Turion X2 Ultraプロセッサのアーキテクチャ。CPUコアだけでなく,HyperTransport 3.0インターフェースやメモリコントローラもモバイル向けに最適化が図られている |
Turion X2 Ultraプラットフォームバッジ |
Turion X2 Ultraの正式名称は「AMD Turion X2 Ultra Platform」。これは「Puma」の開発コードネームで長らく知られてきた,ノートPC向けのプラットフォームだ。プラットフォーム名と同じデュアルコアCPU「Turion X2 Ultra」(以下,便宜的にTurion X2 Ultra CPUと表記)と,AMD 7シリーズチップセットで構成される。

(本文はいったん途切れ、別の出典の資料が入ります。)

lemma quotient_map_comp:
  assumes PV: "P \<subseteq> V \<times> V" and QV: "Q \<subseteq> V \<times> V"
    and g: "quotient_map V P g"
    and h: "quotient_map (g ` V) ((\<lambda>(a, b). (g a, g b)) ` Q) h"
  shows "quotient_map V (P \<union> Q) (h \<circ> g)"
proof -
  let ?R = "((P \<union> Q) \<union> (P \<union> Q)\<inverse>)\<^sup>*"
  let ?Q' = "(\<lambda>(a, b). (g a, g b)) ` Q"
  define \<rho> where "\<rho> = inv_into V g"
  have rep: "(x, \<rho> (g x)) \<in> ?R" if "x \<in> V" for x
  proof -
    have "\<rho> (g x) \<in> V" "g (\<rho> (g x)) = g x"
      using that by (simp_all add: \<rho>_def inv_into_into f_inv_into_f)
    then have "(x, \<rho> (g x)) \<in> (P \<union> P\<inverse>)\<^sup>*" using g that unfolding quotient_map_def by metis
    then show ?thesis by (rule rtrancl_mono[THEN subsetD, rotated]) blast
  qed
  show ?thesis
    unfolding quotient_map_def
  proof (intro ballI iffI)
    fix x y assume x: "x \<in> V" and y: "y \<in> V"
    {
      assume "(h \<circ> g) x = (h \<circ> g) y"
      then have "(g x, g y) \<in> (?Q' \<union> ?Q'\<inverse>)\<^sup>*" using h x y unfolding quotient_map_def by simp
      then have "(\<rho> (g x), \<rho> (g y)) \<in> ?R"
      proof (rule equiv_closure_map)
        fix u v assume "(u, v) \<in> ?Q'"
        then obtain a b where ab: "(a, b) \<in> Q" "u = g a" "v = g b" by auto
        then have "a \<in> V" "b \<in> V" using QV by auto
        moreover have "(a, b) \<in> ?R" using ab(1) by blast
        ultimately show "(\<rho> u, \<rho> v) \<in> ?R"
          using rep ab(2,3) equiv_closure_sym by (meson rtrancl_trans)
      qed
      then show "(x, y) \<in> ?R" using rep[OF x] rep[OF y] equiv_closure_sym by (meson rtrancl_trans)
    }
    {
      assume "(x, y) \<in> ?R"
      then show "(h \<circ> g) x = (h \<circ> g) y"
      proof (rule equiv_closure_respects)
        fix a b assume ab: "(a, b) \<in> P \<union> Q"
        then have a: "a \<in> V" and b: "b \<in> V" using PV QV by auto
        show "(h \<circ> g) a = (h \<circ> g) b"
        proof (cases "(a, b) \<in> P")
          case True
          then have "g a = g b" using g a b unfolding quotient_map_def by blast
          then show ?thesis by simp
        next
          case False
          then have "(g a, g b) \<in> ?Q'" using ab by force
          then have "(g a, g b) \<in> (?Q' \<union> ?Q'\<inverse>)\<^sup>*" by blast
          then show ?thesis using h a b unfolding quotient_map_def by simp
        qed
      qed
    }
  qed
qed

lemma quot_comp:
  assumes "quot X P g G" and "quot G ((\<lambda>(a, b). (g a, g b)) ` Q) h H" and "Q \<subseteq> bV X \<times> bV X"
  shows "quot X (P \<union> Q) (h \<circ> g) H"
proof -
  have "P \<subseteq> bV X \<times> bV X" "quotient_map (bV X) P g" "G = bgr_map g X"
    using assms(1) unfolding quot_iff by blast+
  moreover from this(3) have "quotient_map (g ` bV X) ((\<lambda>(a, b). (g a, g b)) ` Q) h" "H = bgr_map h G"
    using assms(2) unfolding quot_iff by auto
  ultimately show ?thesis
    using quotient_map_comp[of P "bV X" Q g h] assms(3) unfolding quot_iff by (simp add: bgr_map_comp)
qed

lemma quot_iso_b:
  assumes "quot X P g G" and "iso_b G H"
  shows "\<exists>g'. quot X P g' H"
proof -
  obtain f where f: "inj_on f (bV G)" "H = bgr_map f G"
    using assms(2) unfolding iso_b_iff_bgr_map by blast
  have X: "P \<subseteq> bV X \<times> bV X" "G = bgr_map g X" "quotient_map (bV X) P g"
    using assms(1) unfolding quot_iff by blast+
  have "quotient_map (bV X) P (f \<circ> g)"
    using X(3) inj_on_eq_iff[OF f(1)] unfolding quotient_map_def X(2) by simp
  then have "quot X P (f \<circ> g) H" using X f(2) unfolding quot_iff by (simp add: bgr_map_comp)
  then show ?thesis by blast
qed

text \<open>Computing a quotient of \<open>D\<close> through a part \<open>U\<close> of it: \<open>\<rho>\<close> moves every vertex of \<open>D\<close> within its
  \<open>P\<close>-class into the copy \<open>\<iota> ` U\<close>, and on \<open>U\<close> the relation \<open>P\<close> induces exactly \<open>R\<close>.\<close>

lemma quot_retract:
  assumes q: "quot D P h H"
    and \<iota>: "\<And>u. u \<in> U \<Longrightarrow> \<iota> u \<in> bV D \<and> \<rho> (\<iota> u) = u"
    and \<rho>: "\<And>x. x \<in> bV D \<Longrightarrow> \<rho> x \<in> U \<and> (x, \<iota> (\<rho> x)) \<in> (P \<union> P\<inverse>)\<^sup>*"
    and P: "\<And>a b. (a, b) \<in> P \<Longrightarrow> (\<rho> a, \<rho> b) \<in> (R \<union> R\<inverse>)\<^sup>*"
    and R: "\<And>a b. (a, b) \<in> R \<Longrightarrow> (\<iota> a, \<iota> b) \<in> (P \<union> P\<inverse>)\<^sup>*"
  shows "quotient_map U R (h \<circ> \<iota>)" and "bV H = (h \<circ> \<iota>) ` U"
proof -
  have H: "bV H = h ` bV D" and ker: "quotient_map (bV D) P h"
    using q unfolding quot_iff by simp_all
  show "quotient_map U R (h \<circ> \<iota>)"
    unfolding quotient_map_def
  proof (intro ballI)
    fix u v assume u: "u \<in> U" and v: "v \<in> U"
    have "(\<iota> u, \<iota> v) \<in> (P \<union> P\<inverse>)\<^sup>* \<Longrightarrow> (u, v) \<in> (R \<union> R\<inverse>)\<^sup>*"
      using equiv_closure_map[of "\<iota> u" "\<iota> v" P \<rho> R] P \<iota> u v by simp
    moreover have "(u, v) \<in> (R \<union> R\<inverse>)\<^sup>* \<Longrightarrow> (\<iota> u, \<iota> v) \<in> (P \<union> P\<inverse>)\<^sup>*"
      using equiv_closure_map[of u v R \<iota> P] R by simp
    moreover have "(h \<circ> \<iota>) u = (h \<circ> \<iota>) v \<longleftrightarrow> (\<iota> u, \<iota> v) \<in> (P \<union> P\<inverse>)\<^sup>*"
      using ker \<iota>[OF u] \<iota>[OF v] unfolding quotient_map_def by simp
    ultimately show "(h \<circ> \<iota>) u = (h \<circ> \<iota>) v \<longleftrightarrow> (u, v) \<in> (R \<union> R\<inverse>)\<^sup>*"
      by blast
  qed
  show "bV H = (h \<circ> \<iota>) ` U"
    unfolding H
  proof (intro subset_antisym subsetI)
    fix y assume "y \<in> h ` bV D"
    then obtain x where x: "x \<in> bV D" "y = h x" by blast
    then have "\<rho> x \<in> U" "\<iota> (\<rho> x) \<in> bV D" "(x, \<iota> (\<rho> x)) \<in> (P \<union> P\<inverse>)\<^sup>*"
      using \<rho> \<iota> by blast+
    then have "y = (h \<circ> \<iota>) (\<rho> x)" using ker x unfolding quotient_map_def by simp
    with \<open>\<rho> x \<in> U\<close> show "y \<in> (h \<circ> \<iota>) ` U" by blast
  next
    fix y assume "y \<in> (h \<circ> \<iota>) ` U"
    then show "y \<in> h ` bV D" using \<iota> by auto
  qed
qed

Turion X2 Ultra CPUは,HyperTransport 3インタフェースやメモリコントローラなどをモバイル用途に最適化したプロセッサ。2個のCPUコアはシステム負荷に応じて,2分の1,4分の1のクロックへそれぞれ別個に切り替えられるようになっており,さらに「ATI Radeon HD 3200」グラフィックス機能を統合したチップセット
「AMD 780G」と組み合わせることで,既存のノートPC用プラットフォームと比べて3倍の3Dグラフィックス性能を得られ,HDビデオコンテンツのイメージクオリティは5倍に向上するという。なお,今回はプラットフォームの発表で,CPUやチップセットの詳細まで踏み込んだ説明はなく,「なぜ開発コードネームRS780MのノートPC用チップセットが,デスクトップ用のそれと同じ名前なのか。まったく同一のチップセットなのか」などは,現時点をもって不明のままである。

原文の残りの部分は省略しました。